Heidelberg Joint Astronomical Colloquium

Speaker Robert D. Gehrz
Title The Stratospheric Observatory for Infrared Astronomy (SOFIA)
Abstract The Stratospheric Observatory for Infrared Astronomy (SOFIA) is a joint U.S./German Project to develop and operate a 2.5-meter infrared airborne telescope in a Boeing 747-SP that flies in the stratosphere at altitudes as high as 45,000 and is capable of observations from 0.3 µm to 1.6 mm with an average transmission greater than 80 percent. SOFIA will be staged out of the NASA Dryden Flight Research Center aircraft operations facility at Palmdale, CA and the SOFIA Science Mission Operations Center (SSMOC) will be located at NASA Ames Research Center, Moffet Field, CA. First science flights will begin in 2009, the next instrument call and the first General Observer science call will be in 2010, and a full operations schedule of about 120 8 to 10 hour flights per year will begin in by 2014. The observatory is expected to operate for more than 20 years.
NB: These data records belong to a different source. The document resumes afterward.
section \<open>Moments of X\<close>

lemma has_sum_exp_X_value:
  fixes t :: real
  assumes "- ln 2 < t" "t < ln 2 / (log 2 3 - 1)"
  shows "((\<lambda>(k, l). (1 / 2) ^ Suc k * (1 / 2) ^ Suc l * exp (t * X_value k l)) has_sum
      exp (t * (log 2 3 - 2)) / (4 * (1 - exp (t * (log 2 3 - 1)) / 2) * (1 - exp (- t) / 2))) UNIV"
proof -
  define p q where "p = exp (t * (log 2 3 - 1)) / 2" and "q = exp (- t) / 2"
  have "(0::real) < log 2 3 - 1"
    by (simp add: less_log_iff)
  then have "t * (log 2 3 - 1) < ln 2" "- t < ln 2"
    using assms by (simp_all add: pos_less_divide_eq)
  then have "exp (t * (log 2 3 - 1)) < 2" "exp (- t) < 2"
    by (metis exp_less_cancel_iff exp_ln zero_less_numeral)+
  then have "p < 1" "q < 1"
    by (simp_all add: p_def q_def)
  moreover have "0 \<le> p" "0 \<le> q"
    by (simp_all add: p_def q_def)
  ultimately have "((\<lambda>(k, l). p ^ Suc k * q ^ Suc l) has_sum p / (1 - p) * (q / (1 - q))) UNIV"
    unfolding UNIV_Times_UNIV[symmetric] by (intro has_sum_product_real has_sum_power_Suc)
  then show ?thesis
  proof (rule has_sum_eqI)
    fix x :: "nat \<times> nat"
    obtain k l where x: "x = (k, l)"
      by fastforce
    have "t * X_value k l = real (Suc k) * (t * (log 2 3 - 1)) + real (Suc l) * (- t)"
      by (simp add: X_value_def algebra_simps)
    then have "exp (t * X_value k l) = (2 * p) ^ Suc k * (2 * q) ^ Suc l"
      by (simp only: exp_add exp_of_nat_mult) (simp add: p_def q_def)
    then have "(1 / 2) ^ Suc k * (1 / 2) ^ Suc l * exp (t * X_value k l) =
        (1 / 2) ^ Suc k * (2 * p) ^ Suc k * ((1 / 2) ^ Suc l * (2 * q) ^ Suc l)"
      by (simp only: ac_simps)
    also have "\<dots> = p ^ Suc k * q ^ Suc l"
      by (simp only: power_mult_distrib[symmetric]) simp
    finally show "(case x of (k, l) \<Rightarrow> (1 / 2) ^ Suc k * (1 / 2) ^ Suc l * exp (t * X_value k l)) =
        (case x of (k, l) \<Rightarrow> p ^ Suc k * q ^ Suc l)"
      by (simp add: x)
  next
    have exp_pq: "exp (t * (log 2 3 - 2)) = 4 * (p * q)"
      by (simp add: p_def q_def flip: exp_add) (simp add: algebra_simps)
    show "exp (t * (log 2 3 - 2)) / (4 * (1 - exp (t * (log 2 3 - 1)) / 2) * (1 - exp (- t) / 2)) =
        p / (1 - p) * (q / (1 - q))"
      unfolding p_def[symmetric] q_def[symmetric] exp_pq
      by (simp only: mult.assoc times_divide_times_eq) (rule mult_divide_mult_cancel_left; simp)
  qed
qed

lemma has_sum_X_value:
  "((\<lambda>(k, l). (1 / 2) ^ Suc k * (1 / 2) ^ Suc l * X_value k l) has_sum 2 * log 2 3 - 4) UNIV"
proof -
  have Sk: "((\<lambda>(k, l). real (Suc k) * (1 / 2) ^ Suc k * (1 / 2) ^ Suc l) has_sum 2) UNIV"
    using has_sum_product_real[OF has_sum_Suc_mult_half_power has_sum_half_power] by simp
  have Sl: "((\<lambda>(k, l). (1 / 2) ^ Suc k * (real (Suc l) * (1 / 2) ^ Suc l)) has_sum 2) UNIV"
    using has_sum_product_real[OF has_sum_half_power has_sum_Suc_mult_half_power] by simp
  from has_sum_add[OF has_sum_cmult_right[OF Sk, of "log 2 3 - 1"] has_sum_cmult_right[OF Sl, of "- 1"]]
  show ?thesis
    by (rule has_sum_eqI) (auto simp: X_value_def algebra_simps simp del: power_Suc)
qed

lemma has_sum_X_value_centered_sq:
  "((\<lambda>(k, l). (1 / 2) ^ Suc k * (1 / 2) ^ Suc l * (X_value k l - (2 * log 2 3 - 4))\<^sup>2)
      has_sum 2 * ((log 2 3 - 1)\<^sup>2 + 1)) UNIV"
proof -
  have Sk: "((\<lambda>(k, l). (real k - 1)\<^sup>2 * (1 / 2) ^ Suc k * (1 / 2) ^ Suc l) has_sum 2) UNIV"
    using has_sum_product_real[OF has_sum_centered_sq_half_power has_sum_half_power] by simp
  have Sl: "((\<lambda>(k, l). (1 / 2) ^ Suc k * ((real l - 1)\<^sup>2 * (1 / 2) ^ Suc l)) has_sum 2) UNIV"
    using has_sum_product_real[OF has_sum_half_power has_sum_centered_sq_half_power] by simp
  have Skl: "((\<lambda>(k, l). (real k - 1) * (1 / 2) ^ Suc k * ((real l - 1) * (1 / 2) ^ Suc l))
      has_sum 0) UNIV"
    using has_sum_product_real[OF has_sum_centered_half_power has_sum_centered_half_power] by simp
  \<comment> \<open>X_value k l - (2 log2 3 - 4) = (log2 3 - 1)(k - 1) - (l - 1), whose cross term has sum 0.\<close>
  from has_sum_add[OF has_sum_add[OF has_sum_cmult_right[OF Sk, of "(log 2 3 - 1)\<^sup>2"] Sl]
      has_sum_cmult_right[OF Skl, of "- 2 * (log 2 3 - 1)"]]
  show ?thesis
    by (rule has_sum_eqI) (auto simp: X_value_def algebra_simps power2_eq_square simp del: power_Suc)
qed

theorem mainTheorem14:
  defines "p \<equiv> (\<lambda>x. odd_density (\<lambda>n. Xc n = x))"
      and "V \<equiv> Xc ` {n. odd n}"
  shows "(\<forall>x. odd_ratio (\<lambda>n. Xc n = x) \<longlonglongrightarrow> p x)
    \<and> (\<forall>t::real. - ln 2 < t \<and> t < ln 2 / (log 2 3 - 1) \<longrightarrow>
         ((\<lambda>x. p x * exp (t * x)) has_sum
            (exp (t * (log 2 3 - 2)) /
              (4 * (1 - exp (t * (log 2 3 - 1)) / 2) * (1 - exp (- t) / 2)))) V)
    \<and> ((\<lambda>x. p x * x) has_sum (2 * log 2 3 - 4)) V
    \<and> ((\<lambda>x. p x * (x - (2 * log 2 3 - 4))\<^sup>2) has_sum (2 * ((log 2 3 - 1)\<^sup>2 + 1))) V"
proof (intro conjI allI impI)
  show "odd_ratio (\<lambda>n. Xc n = x) \<longlonglongrightarrow> p x" for x
    using odd_ratio_Xc_convergent unfolding p_def odd_density_def by (simp add: convergent_LIMSEQ_iff)
  show "((\<lambda>x. p x * exp (t * x)) has_sum
      (exp (t * (log 2 3 - 2)) / (4 * (1 - exp (t * (log 2 3 - 1)) / 2) * (1 - exp (- t) / 2)))) V"
    if "- ln 2 < t \<and> t < ln 2 / (log 2 3 - 1)" for t
    using that unfolding p_def V_def
    by (intro has_sum_odd_density_Xc[where G = "\<lambda>x. exp (t * x)"] has_sum_exp_X_value) simp_all
  show "((\<lambda>x. p x * x) has_sum (2 * log 2 3 - 4)) V"
    unfolding p_def V_def by (rule has_sum_odd_density_Xc[where G = "\<lambda>x. x", OF has_sum_X_value])
  show "((\<lambda>x. p x * (x - (2 * log 2 3 - 4))\<^sup>2) has_sum (2 * ((log 2 3 - 1)\<^sup>2 + 1))) V"
    unfolding p_def V_def
    by (rule has_sum_odd_density_Xc[where G = "\<lambda>x. (x - (2 * log 2 3 - 4))\<^sup>2",
          OF has_sum_X_value_centered_sq])
qed

end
SOFIA will initially fly with nine focal plane instruments that include broadband imagers, moderate resolution spectrographs that will resolve broad features due to dust and large molecules, and high resolution spectrometers capable of studying the kinematics of molecular and atomic gas lines at km/s resolution. We describe the facility SOFIA facility and outline the opportunities for observations by the general scientific community, future instrumentation developments, and operations collaborations. The operational characteristics of the SOFIA first-generation instruments are summarized and we give several specific examples of the types of scientific studies to which these instruments are expected to make fundamental scientific contributions. Results from the initial early science flights will be described.